Таким образом, картина, предстающая во всех трех трагедиях, выглядит совершенно однозначной: речь идет о спасении рода, родины, родного города. Как обстоит дело в «Ифигении»? Правда ли, что и в этой трагедии героиня приносит себя в жертву ради спасения Эллады от порабощения ее варварами? Слова Агамемнона, обращенные к дочери, и ее собственный монолог как будто бы подтверждают это мнение, даже если отбросить пафос, приданный им в переводе Инн. Анненского. «Элладе должно стать свободной, насколько это в твоих, моя дочь, и в моих силах, и не следует, чтобы варвары, господствуя над эллинами, похищали их жен», — говорит Агамемнон (1273–1275). «На меня смотрит сейчас вся великая Эллада, — поддерживает отца с энтузиазмом, который нам еще предстоит объяснить, Ифигения, — и от меня зависит отплытие кораблей и разорение фригийцев, чтобы никогда в будущем не позволять варварам похищать жен из счастливой Эллады… Ведь ты родила меня общим достоянием для всех эллинов, не для себя одной, — говорит она матери. — Подобает, мать, эллинам владычествовать над варварами, а не варварам над эллинами, ибо те — рабы, а эти — свободные»[244].
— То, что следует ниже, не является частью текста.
(* Let $A$ be a synaptic algebra and $p,q\in P$. Define $r_p:=p\wedge(p^{\perp}\vee q)\wedge(p^{\perp}\vee q^{\perp})$, $r_{p^{\perp}}:=p^{\perp}\wedge(p\vee q)\wedge(p\vee q^{\perp})$, $r_q:=q\wedge(p\vee q^{\perp})\wedge(p^{\perp}\vee q^{\perp})$, $r_{q^{\perp}}:=q^{\perp}\wedge(p\vee q)\wedge(p^{\perp}\vee q)$, and $[p,q]:=(p\vee q)\wedge(p\vee q^{\perp})\wedge(p^{\perp}\vee q)\wedge(p^{\perp}\vee q^{\perp})$. The following conditions are mutually equivalent: (i) at least one of $r_p=0$, $r_{p^{\perp}}=0$, $r_q=0$, $r_{q^{\perp}}=0$ holds; (ii) $r_p=r_{p^{\perp}}=r_q=r_{q^{\perp}}=0$; (iii) at least one of $pCq$, $pCq^{\perp}$, $p^{\perp}Cq$, $p^{\perp}Cq^{\perp}$ holds; (iv) $pCq$, $pCq^{\perp}$, $p^{\perp}Cq$ and $p^{\perp}Cq^{\perp}$ all hold; (v) $[p,q]=0$.
   Context: Synaptic algebra (Foulis): $R$ is a real linear associative algebra with unit $1$, and $A\subseteq R$ is a real linear subspace with $1\in A$. For $a,b\in A$ write $aCb$ iff $ab=ba$; $C(a):=\{b\in A: aCb\}$; $CC(a):=\{b\in A: bCd \text{ for all } d\in C(a)\}$. $A$ is a synaptic algebra with enveloping algebra $R$ iff: (SA1) $A$ is a partially ordered archimedean real linear space with positive cone $A^+$, $1$ is an order unit, $\|\cdot\|$ the order-unit norm; (SA2) $a\in A\Rightarrow a^2\in A^+$; (SA3) $a,b\in A^+\Rightarrow aba\in A^+$; (SA4) if $a\in A$, $b\in A^+$, $aba=0$ then $ab=ba=0$; (SA5) if $a\in A^+$ there is $b\in A^+\cap CC(a)$ with $b^2=a$; (SA6) for $a\in A$ there is $p=p^2\in A$ with $ab=0\Leftrightarrow pb=0$ for all $b\in A$; (SA7) if $1\le a$ there is $b\in A$ with $ab=ba=1$; (SA8) if $a,b\in A$, $a_1\le a_2\le\cdots$ are pairwise commuting elements of $C(b)$ with $\|a-a_n\|\to0$, then $a\in C(b)$. $A$ is nondegenerate. $P:=\{p\in A:p=p^2\}$ with the order inherited from $A$ is an orthomodular lattice with orthocomplement $p^{\perp}:=1-p$, meet $\wedge$, join $\vee$. *)

theory Defs
  imports Complex_Main
begin
text \<open>With weights \<open>w n = (n+K) powr -(1 + 1/(4p))\<close> one has \<open>w n powr (1-p) = (n+K) powr (p - 1 + e)\<close>
  for \<open>e = (p-1)/(4p) \<le> 1/4\<close>, so the weighted power-mean inequality and the summability above
  bound \<open>(\<Sum>n. dev (n+K)) powr p\<close> by an integrable function.\<close>

lemma
  fixes p :: real
  assumes p: "1 \<le> p" "p < real K"
  shows AE_summable_dev_shift: "AE \<omega> in M. summable (\<lambda>n. dev (n+K) \<omega>)"
    and integrable_suminf_dev_powr: "integrable M (\<lambda>\<omega>. (\<Sum>n. dev (n+K) \<omega>) powr p)"
proof -
  have K: "K \<ge> 1" using p by simp
  define e where "e = (p-1) / (4*p)"
  have e: "0 \<le> e" "e \<le> 1/4" using p by (auto simp: e_def field_simps)
  define u where "u n = real (n+K) powr (p - 1 + e)" for n
  define w where "w n = real (n+K) powr (-(1 + 1/(4*p)))" for n
  have w: "w n > 0" for n unfolding w_def using K by simp
  have wu: "w n powr (1-p) = u n" for n
  proof -
    have "w n powr (1-p) = real (n+K) powr (-(1 + 1/(4*p)) * (1-p))"
      unfolding w_def by (rule powr_powr)
    also have "-(1 + 1/(4*p)) * (1-p) = p - 1 + e"
      unfolding e_def using p by (simp add: field_simps)
    finally show ?thesis unfolding u_def .
  qed
  have sw: "summable w"
    unfolding w_def using p summable_iff_shift[of "\<lambda>n. real n powr (-(1 + 1/(4*p)))" K]
    by (simp add: summable_real_powr_iff)
  define W where "W = (\<Sum>n. w n)"
  define R where "R \<omega> = (\<Sum>n. ennreal (u n * dev (n+K) \<omega> powr p))" for \<omega>
  have R_measurable [measurable]: "R \<in> borel_measurable M" unfolding R_def by measurable
  have "(\<integral>\<^sup>+ \<omega>. R \<omega> \<partial>M) = (\<Sum>n. ennreal (u n) * (\<integral>\<^sup>+ \<omega>. ennreal (dev (n+K) \<omega> powr p) \<partial>M))"
    unfolding R_def u_def
    by (subst nn_integral_suminf) (simp_all add: ennreal_mult' nn_integral_cmult)
  hence R_finite: "(\<integral>\<^sup>+ \<omega>. R \<omega> \<partial>M) < \<infinity>"
    using weighted_dev_moment_summable[OF p e] unfolding u_def by simp
  have pathwise: "summable (\<lambda>n. dev (n+K) \<omega>)
      \<and> (\<Sum>n. dev (n+K) \<omega>) powr p \<le> W powr (p-1) * enn2real (R \<omega>)" if "R \<omega> \<noteq> \<infinity>" for \<omega>
  proof -
    have v0: "u n * dev (n+K) \<omega> powr p \<ge> 0" for n unfolding u_def by simp
    have sv: "summable (\<lambda>n. u n * dev (n+K) \<omega> powr p)"
      using that unfolding R_def by (intro summable_suminf_not_top v0) auto
    have "R \<omega> = ennreal (\<Sum>n. u n * dev (n+K) \<omega> powr p)"
      unfolding R_def by (rule suminf_ennreal2[OF v0 sv])
    thus ?thesis
      using summable_powr_suminf_le_weighted[OF p(1) _ w sw, of "\<lambda>n. dev (n+K) \<omega>"] sv v0
      unfolding wu W_def by (simp add: dev_def suminf_nonneg)
  qed
  have R_AE: "AE \<omega> in M. R \<omega> \<noteq> \<infinity>"
    using R_finite by (intro nn_integral_PInf_AE) simp_all
  thus "AE \<omega> in M. summable (\<lambda>n. dev (n+K) \<omega>)"
    by eventually_elim (use pathwise in blast)
  show "integrable M (\<lambda>\<omega>. (\<Sum>n. dev (n+K) \<omega>) powr p)"
  proof (rule integrableI_bounded)
    have "AE \<omega> in M. ennreal (norm ((\<Sum>n. dev (n+K) \<omega>) powr p)) \<le> ennreal (W powr (p-1)) * R \<omega>"
      using R_AE
    proof eventually_elim
      case (elim \<omega>)
      hence "ennreal (norm ((\<Sum>n. dev (n+K) \<omega>) powr p)) \<le> ennreal (W powr (p-1) * enn2real (R \<omega>))"
        using pathwise[of \<omega>] by (simp add: ennreal_leI)
      also have "\<dots> = ennreal (W powr (p-1)) * R \<omega>"
        using elim by (simp add: ennreal_mult' less_top)
      finally show ?case .
    qed
    hence "(\<integral>\<^sup>+ \<omega>. ennreal (norm ((\<Sum>n. dev (n+K) \<omega>) powr p)) \<partial>M)
        \<le> (\<integral>\<^sup>+ \<omega>. ennreal (W powr (p-1)) * R \<omega> \<partial>M)"
      by (rule nn_integral_mono_AE)
    also have "\<dots> < \<infinity>"
      using R_finite by (simp add: nn_integral_cmult ennreal_mult_less_top)
    finally show "(\<integral>\<^sup>+ \<omega>. ennreal (norm ((\<Sum>n. dev (n+K) \<omega>) powr p)) \<partial>M) < \<infinity>" .
  qed measurable
qed

lemma AE_summable_dev: "AE \<omega> in M. summable (\<lambda>k. dev k \<omega>)"
proof -
  have "AE \<omega> in M. summable (\<lambda>n. dev (n+2) \<omega>)"
    by (rule AE_summable_dev_shift[of 1]) simp_all
  moreover have "summable (\<lambda>n. dev (n+2) \<omega>) \<Longrightarrow> summable (\<lambda>k. dev k \<omega>)" for \<omega>
    using summable_iff_shift[of "\<lambda>k. dev k \<omega>" 2] by simp
  ultimately show ?thesis by (rule eventually_mono)
qed

lemma integrable_abs_suminf_Psi_ratio_diff_powr:
  fixes p :: real
  assumes p: "1 \<le> p" "p < real K"
  shows "integrable M (\<lambda>\<omega>. \<bar>\<Sum>n. Psi (Z (n+K) \<omega> / \<gamma>) / Z (n+K) \<omega> - Psi (real (n+K) / \<gamma>) / real (n+K)\<bar> powr p)"
proof (rule Bochner_Integration.integrable_bound[OF integrable_suminf_dev_powr[OF p]])
  show "(\<lambda>\<omega>. \<bar>\<Sum>n. Psi (Z (n+K) \<omega> / \<gamma>) / Z (n+K) \<omega> - Psi (real (n+K) / \<gamma>) / real (n+K)\<bar> powr p)
      \<in> borel_measurable M"
    by measurable
  show "AE \<omega> in M. norm (\<bar>\<Sum>n. Psi (Z (n+K) \<omega> / \<gamma>) / Z (n+K) \<omega> - Psi (real (n+K) / \<gamma>) / real (n+K)\<bar> powr p)
      \<le> norm ((\<Sum>n. dev (n+K) \<omega>) powr p)"
    using AE_summable_dev_shift[OF p]
  proof eventually_elim
    case (elim \<omega>)
    hence "\<bar>\<Sum>n. Psi (Z (n+K) \<omega> / \<gamma>) / Z (n+K) \<omega> - Psi (real (n+K) / \<gamma>) / real (n+K)\<bar>
        \<le> (\<Sum>n. dev (n+K) \<omega>)"
      unfolding dev_def by (rule summable_rabs)
    thus ?case using p by (simp add: powr_mono2)
  qed
qed

end
(* Let $q$ be an odd prime power, $m\geq 2$ and $n=\frac{q^m-1}{2}$. Then the negacyclic BCH code $\mathcal{C}_{(q,n,2,0)}$, whose generator polynomial is $\mathbb{M}_{\beta}(x)$, has parameters $[n,n-m,d]$, where $d=3$ if $q=3$ and $d=2$ if $q\neq 3$, and it is distance-optimal with respect to the sphere-packing bound.
   Context: Let $\ell$ be the order of $q$ modulo $2n$, $\alpha$ a primitive element of $\mathrm{GF}(q^\ell)$, $\beta=\alpha^{(q^\ell-1)/(2n)}$ (a primitive $2n$-th root of unity), and $\mathbb{M}_{\beta}(x)$ the minimal polynomial of $\beta$ over $\mathrm{GF}(q)$. $\mathcal{C}_{(q,n,2,0)}$ is the negacyclic code of length $n$ over $\mathrm{GF}(q)$, i.e. the ideal of $\mathrm{GF}(q)[x]/(x^n+1)$ generated by $\mathbb{M}_{\beta}(x)$. An $[n,k,d]$ code over $\mathrm{GF}(q)$ is distance-optimal with respect to the sphere-packing bound if the sphere-packing bound shows that no $[n,k,d+1]$ linear code over $\mathrm{GF}(q)$ exists. *)

theory Defs
  imports "HOL-Number_Theory.Pocklington" "HOL-Computational_Algebra.Polynomial"
begin

definition field_embedding :: "('a::field \<Rightarrow> 'b::field) \<Rightarrow> bool" where
  "field_embedding f \<longleftrightarrow> inj f \<and> f 0 = 0 \<and> f 1 = 1 \<and>
     (\<forall>x y. f (x + y) = f x + f y) \<and> (\<forall>x y. f (x * y) = f x * f y)"

definition primitive_element :: "'b::field \<Rightarrow> bool" where
  "primitive_element a \<longleftrightarrow> range (\<lambda>i::nat. a ^ i) = UNIV - {0}"

definition is_min_poly :: "('a::field \<Rightarrow> 'b::field) \<Rightarrow> 'b \<Rightarrow> 'a poly \<Rightarrow> bool" where
  "is_min_poly f b g \<longleftrightarrow> lead_coeff g = 1 \<and> poly (map_poly f g) b = 0 \<and>
     (\<forall>h. h \<noteq> 0 \<and> poly (map_poly f h) b = 0 \<longrightarrow> degree g \<le> degree h)"
(* Let $G$ be a finite two-player zero-sum simultaneous-move game with perfect information on which SM-MCTS is run, let $h$ be a decision node of $G$, and let $\epsilon,c\ge0$. Let $A$ be an $\epsilon$-Hannan consistent algorithm which generates the sequence of actions $(i(t))$ of player 1 at $h$, and let $(j(t))$ be the actions chosen by the adversary (player 2) at $h$. Let $v_{ij}$ be the value of the subgame rooted at the child $h_{ij}$. If almost surely $\limsup_{n\to\infty}|\bar s_{ij}(n)-v_{ij}|\le c\epsilon$ for each $i,j$, and $A$ is $\epsilon$-UPO, then almost surely \[\limsup_{t\to\infty}\frac1t\left(\max_{i_0}\sum_{s=1}^t v_{i_0j(s)}-\sum_{s=1}^t v_{i(s)j(s)}\right)\le 2(c+1)\epsilon.\] Consequently the choice of actions $(i(t))$ made by $A$ is $2(c+1)\epsilon$-Hannan consistent with respect to the matrix game $(v_{ij})$.
   Context: Game: finite rooted tree; decision nodes $h$ have finite action sets $\mathcal A_1(h),\mathcal A_2(h)$, joint action $(i,j)$ leading to child $h_{ij}$; terminal utilities $u_1\in[0,1]$, $u_2=-u_1$; the value of a subgame is its minimax value. SM-MCTS: each node of the search tree holds one bandit-algorithm instance per player; at each visit of $h$ the instances choose $(i,j)$, the search recursively returns a value $x$ from $h_{ij}$, player 1's instance at $h$ is updated with reward $x$ (player 2's with $1-x$), and $x$ is passed upward. Index visits of $h$ by $t=1,2,\dots$; $i(t),j(t)$ are the actions chosen; $t_{ij}$ is the number of visits $\le t$ with joint action $(i,j)$. $s_{ij}(n)$ is the value returned from $h_{ij}$ the $n$-th time $(i,j)$ is chosen at $h$; $\bar s_{ij}(n)=\frac1n\sum_{m\le n}s_{ij}(m)$. The bandit reward of action $i$ for player 1 at visit $t$ is $x_i(t)=s_{ij(t)}((t-1)_{ij(t)}+1)$, i.e. the value that would be observed the next time $(i,j(t))$ is chosen. Bandit regret $r(t)=\frac1t(\max_k\sum_{s\le t}x_k(s)-\sum_{s\le t}x_{i(s)}(s))$; $\epsilon$-Hannan consistent: $\limsup_t r(t)\le\epsilon$ a.s. against every adversary. UPO: let $t^*_{ij}(k)=\min\{t:t_{ij}=k\}$ (with $t^*_{ij}(0)=0$), $w_{ij}(n)=1+|\{t:t^*_{ij}(n-1)\le t\le t^*_{ij}(n),\ j(t)=j,\ i(t)\ne i\}|$, $\tilde s_{ij}(n)=\frac{\sum_{m\le n}w_{ij}(m)s_{ij}(m)}{\sum_{m\le n}w_{ij}(m)}$. $A$ is $\epsilon$-UPO if for every such game, every node $h$ and all $i,j$, almost surely $\limsup_{n\to\infty}|\tilde s_{ij}(n)-\bar s_{ij}(n)|\le\epsilon$.
   Formalization: The $\epsilon$-UPO property at h also demands that, almost surely, every joint action (i,j) be chosen at h infinitely often, so that each $t^*_{ij}(n)$ exists. The paper assumes this as well. *)

theory Defs
  imports "HOL-Probability.Probability"
begin

text \<open>Run of SM-MCTS at a fixed decision node h. Visits of h are indexed by
  t = 1, 2, ...; ia t and jb t are the actions of player 1 and 2 at visit t;
  s a b n is the value returned from the child h_ab the n-th time (n = 1, 2, ...)
  the joint action (a,b) is chosen at h. Values at index 0 are junk.\<close>

definition visits :: "(nat \<Rightarrow> 'a) \<Rightarrow> (nat \<Rightarrow> 'b) \<Rightarrow> 'a \<Rightarrow> 'b \<Rightarrow> nat \<Rightarrow> nat" where
  "visits ia jb a b t = card {u \<in> {1..t}. ia u = a \<and> jb u = b}"

definition first_visit :: "(nat \<Rightarrow> 'a) \<Rightarrow> (nat \<Rightarrow> 'b) \<Rightarrow> 'a \<Rightarrow> 'b \<Rightarrow> nat \<Rightarrow> nat" where
  "first_visit ia jb a b k = (LEAST t. visits ia jb a b t = k)"

definition avg :: "(nat \<Rightarrow> real) \<Rightarrow> nat \<Rightarrow> real" where
  "avg x n = (\<Sum>m = 1..n. x m) / real n"

definition upo_weight :: "(nat \<Rightarrow> 'a) \<Rightarrow> (nat \<Rightarrow> 'b) \<Rightarrow> 'a \<Rightarrow> 'b \<Rightarrow> nat \<Rightarrow> nat" where
  "upo_weight ia jb a b n = 1 + card {t. 1 \<le> t \<and> first_visit ia jb a b (n - 1) \<le> t
       \<and> t \<le> first_visit ia jb a b n \<and> jb t = b \<and> ia t \<noteq> a}"

definition wavg :: "(nat \<Rightarrow> 'a) \<Rightarrow> (nat \<Rightarrow> 'b) \<Rightarrow> 'a \<Rightarrow> 'b \<Rightarrow> (nat \<Rightarrow> real) \<Rightarrow> nat \<Rightarrow> real" where
  "wavg ia jb a b x n =
     (\<Sum>m = 1..n. real (upo_weight ia jb a b m) * x m) / (\<Sum>m = 1..n. real (upo_weight ia jb a b m))"

definition bandit_reward :: "(nat \<Rightarrow> 'a) \<Rightarrow> (nat \<Rightarrow> 'b) \<Rightarrow> ('a \<Rightarrow> 'b \<Rightarrow> nat \<Rightarrow> real) \<Rightarrow> 'a \<Rightarrow> nat \<Rightarrow> real" where
  "bandit_reward ia jb s k t = s k (jb t) (visits ia jb k (jb t) (t - 1) + 1)"

definition bandit_regret :: "'a set \<Rightarrow> (nat \<Rightarrow> 'a) \<Rightarrow> (nat \<Rightarrow> 'b) \<Rightarrow> ('a \<Rightarrow> 'b \<Rightarrow> nat \<Rightarrow> real) \<Rightarrow> nat \<Rightarrow> real" where
  "bandit_regret I ia jb s t =
     (Max ((\<lambda>k. \<Sum>u = 1..t. bandit_reward ia jb s k u) ` I)
      - (\<Sum>u = 1..t. bandit_reward ia jb s (ia u) u)) / real t"

definition matrix_regret :: "'a set \<Rightarrow> (nat \<Rightarrow> 'a) \<Rightarrow> (nat \<Rightarrow> 'b) \<Rightarrow> ('a \<Rightarrow> 'b \<Rightarrow> real) \<Rightarrow> nat \<Rightarrow> real" where
  "matrix_regret I ia jb v t =
     (Max ((\<lambda>k. \<Sum>u = 1..t. v k (jb u)) ` I) - (\<Sum>u = 1..t. v (ia u) (jb u))) / real t"

text \<open>The UPO property at (a,b) on one sample path: the quantities t*_ab(n) are all
  defined (so that tilde s is defined) and limsup |tilde s - bar s| <= eps.\<close>
definition upo_at :: "real \<Rightarrow> (nat \<Rightarrow> 'a) \<Rightarrow> (nat \<Rightarrow> 'b) \<Rightarrow> ('a \<Rightarrow> 'b \<Rightarrow> nat \<Rightarrow> real) \<Rightarrow> 'a \<Rightarrow> 'b \<Rightarrow> bool" where
  "upo_at \<epsilon> ia jb s a b \<longleftrightarrow>
     (\<forall>n. \<exists>t. visits ia jb a b t = n) \<and>
     limsup (\<lambda>n. ereal \<bar>wavg ia jb a b (s a b) n - avg (s a b) n\<bar>) \<le> ereal \<epsilon>"

end

theory Submission
  imports Defs
begin

text \<open>Fix an action a of player 1 and an opponent action b. At a visit u with \<open>j(u) = b\<close>, the
  bandit reward of a is the next, not yet observed sample of (a,b). Grouping these visits by the
  index n of that sample, the n-th group consists of \<open>t*_ab(n)\<close> and the visits since
  \<open>t*_ab(n-1)\<close> at which b met another action, so it has exactly \<open>w_ab(n)\<close> elements; only
  the last group is incomplete. Hence the cumulative bandit reward of a against b, divided by the
  number of these visits, lies between the weighted averages \<open>s~_ab(N)\<close> and \<open>s~_ab(N+1)\<close>, which
  UPO and the convergence of the plain averages put eventually within \<open>(c+1)\<epsilon>\<close> of \<open>v_ab\<close>. The
  rewards actually collected add up to plain averages of samples, within \<open>c\<epsilon>\<close> of \<open>v_ab\<close>. So the
  matrix regret exceeds the bandit regret by at most \<open>(2c+1)\<epsilon>\<close>.\<close>

lemma affine_nonpos_between:
  fixes p q m r :: real
  assumes "p \<le> 0" and "p + r * q \<le> 0" and "0 \<le> m" and "m \<le> r"
  shows "p + m * q \<le> 0"
proof (cases "q \<le> 0")
  case True
  then have "m * q \<le> 0" using \<open>0 \<le> m\<close> by (simp add: mult_nonneg_nonpos)
  then show ?thesis using assms(1) by linarith
next
  case False
  then have "m * q \<le> r * q" using \<open>m \<le> r\<close> by (simp add: mult_right_mono)
  then show ?thesis using assms(2) by linarith
qed

lemma abs_divide_diff_le_iff:
  fixes A W v e :: real
  assumes "0 < W"
  shows "\<bar>A / W - v\<bar> \<le> e \<longleftrightarrow> \<bar>A - v * W\<bar> \<le> e * W"
proof -
  have "A / W - v = (A - v * W) / W" using assms by (simp add: field_simps)
  then show ?thesis using assms by (simp add: abs_divide pos_divide_le_eq)
qed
В искренности слов Ифигении, которая считает для себя славой и вечным памятником смерть ради свободы Эллады, сомневаться не приходится, но читателя несколько озадачивает мотивировка этого подвига: чтобы варвары не смели похищать греческих жен. В отличие от упомянутых выше трагедий, в доводах Агамемнона и Ифигении нет ни слова о защите или спасении родины — вероятно, по той простой причине, что никто ей и не угрожает. Можно сказать, что и у Эсхила похищение Елены — только первое звено в целой веренице событий, где воздаяние оборачивается преступлением, но там у ее начала стоит Зевс. В чем видят причину Троянской войны в «Ифигении»? Ответ на этот вопрос дает раньше всех сам Агамемнон в прологе.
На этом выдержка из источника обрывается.